*Assignment*. The entries below must be transcribed exactly. Leave nothing out.
[[ Data records, beginning ]]
(* Let ${\bm X},{\bm Y}$ be finite sets with $n=|{\bm X}|$, $m=|{\bm Y}|$, let $m^{\bm X}_\bullet,m^{\bm Y}_\bullet$ be Markov transition kernels on them, $C\in\mathbb{R}_+^{n\times m}$ a cost matrix, $\delta\in(0,1]$ and $\epsilon\ge0$. Define $C^{\epsilon,\delta,(0)}=C$ and $C^{\epsilon,\delta,(l)}_{ij}=\delta C_{ij}+(1-\delta)d^\epsilon_{\mathrm W}(m^{\bm X}_i,m^{\bm Y}_j;C^{\epsilon,\delta,(l-1)})$ for $l\ge1$. Then $C^{\epsilon,\delta,(k)}$ converges as $k\to\infty$ to the unique fixed point $C^{\epsilon,\delta,(\infty)}$ of the map $D\mapsto\big(\delta C_{ij}+(1-\delta)d^\epsilon_{\mathrm W}(m^{\bm X}_i,m^{\bm Y}_j;D)\big)_{i,j}$, and for all $k$, $$\|C^{\epsilon,\delta,(k)}-C^{\epsilon,\delta,(\infty)}\|_\infty\le\frac{(1-\delta)^k}{\delta}\big(2\|C\|_\infty+\epsilon\log(nm)\big).$$
   Context: For $\alpha\in\mathcal{P}({\bm X}),\beta\in\mathcal{P}({\bm Y})$, cost $D$ and $\epsilon\ge0$, $d^{\epsilon}_{\mathrm W}(\alpha,\beta;D)=\min_{P\in\mathcal{C}(\alpha,\beta)}\sum_{i,j}P_{ij}D_{ij}+\epsilon\sum_{i,j}P_{ij}\log P_{ij}$, with $\mathcal{C}(\alpha,\beta)$ the set of couplings. $\|\cdot\|_\infty$ is the entrywise max norm. *)

theory Defs
  imports "HOL-Analysis.Analysis"
begin

text \<open>Probability vectors on a finite type, couplings, and the entropic Wasserstein
  distance d^eps_W(alpha,beta;D) = min over couplings of sum P D + eps sum P log P
  (with the convention 0 log 0 = 0, automatic since 0 * ln 0 = 0).\<close>

definition is_prob :: "('a::finite \<Rightarrow> real) \<Rightarrow> bool" where
  "is_prob \<alpha> \<longleftrightarrow> (\<forall>i. \<alpha> i \<ge> 0) \<and> (\<Sum>i\<in>UNIV. \<alpha> i) = 1"

definition couplings :: "('a::finite \<Rightarrow> real) \<Rightarrow> ('b::finite \<Rightarrow> real) \<Rightarrow> ('a \<Rightarrow> 'b \<Rightarrow> real) set" where
  "couplings \<alpha> \<beta> = {P. (\<forall>i j. P i j \<ge> 0) \<and> (\<forall>i. (\<Sum>j\<in>UNIV. P i j) = \<alpha> i) \<and> (\<forall>j. (\<Sum>i\<in>UNIV. P i j) = \<beta> j)}"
[[ Data records, end ]]
*Your response*.
(* Let ${\bm X},{\bm Y}$ be finite sets with $n=|{\bm X}|$, $m=|{\bm Y}|$, let $m^{\bm X}_\bullet,m^{\bm Y}_\bullet$ be Markov transition kernels on them, $C\in\mathbb{R}_+^{n\times m}$ a cost matrix, $\delta\in(0,1]$ and $\epsilon\ge0$. Define $C^{\epsilon,\delta,(0)}=C$ and $C^{\epsilon,\delta,(l)}_{ij}=\delta C_{ij}+(1-\delta)d^\epsilon_{\mathrm W}(m^{\bm X}_i,m^{\bm Y}_j;C^{\epsilon,\delta,(l-1)})$ for $l\ge1$. Then $C^{\epsilon,\delta,(k)}$ converges as $k\to\infty$ to the unique fixed point $C^{\epsilon,\delta,(\infty)}$ of the map $D\mapsto\big(\delta C_{ij}+(1-\delta)d^\epsilon_{\mathrm W}(m^{\bm X}_i,m^{\bm Y}_j;D)\big)_{i,j}$, and for all $k$, $$\|C^{\epsilon,\delta,(k)}-C^{\epsilon,\delta,(\infty)}\|_\infty\le\frac{(1-\delta)^k}{\delta}\big(2\|C\|_\infty+\epsilon\log(nm)\big).$$
   Context: For $\alpha\in\mathcal{P}({\bm X}),\beta\in\mathcal{P}({\bm Y})$, cost $D$ and $\epsilon\ge0$, $d^{\epsilon}_{\mathrm W}(\alpha,\beta;D)=\min_{P\in\mathcal{C}(\alpha,\beta)}\sum_{i,j}P_{ij}D_{ij}+\epsilon\sum_{i,j}P_{ij}\log P_{ij}$, with $\mathcal{C}(\alpha,\beta)$ the set of couplings. $\|\cdot\|_\infty$ is the entrywise max norm. *)

theory Defs
  imports "HOL-Analysis.Analysis"
begin

text \<open>Probability vectors on a finite type, couplings, and the entropic Wasserstein
  distance d^eps_W(alpha,beta;D) = min over couplings of sum P D + eps sum P log P
  (with the convention 0 log 0 = 0, automatic since 0 * ln 0 = 0).\<close>

definition is_prob :: "('a::finite \<Rightarrow> real) \<Rightarrow> bool" where
  "is_prob \<alpha> \<longleftrightarrow> (\<forall>i. \<alpha> i \<ge> 0) \<and> (\<Sum>i\<in>UNIV. \<alpha> i) = 1"

definition couplings :: "('a::finite \<Rightarrow> real) \<Rightarrow> ('b::finite \<Rightarrow> real) \<Rightarrow> ('a \<Rightarrow> 'b \<Rightarrow> real) set" where
  "couplings \<alpha> \<beta> = {P. (\<forall>i j. P i j \<ge> 0) \<and> (\<forall>i. (\<Sum>j\<in>UNIV. P i j) = \<alpha> i) \<and> (\<forall>j. (\<Sum>i\<in>UNIV. P i j) = \<beta> j)}"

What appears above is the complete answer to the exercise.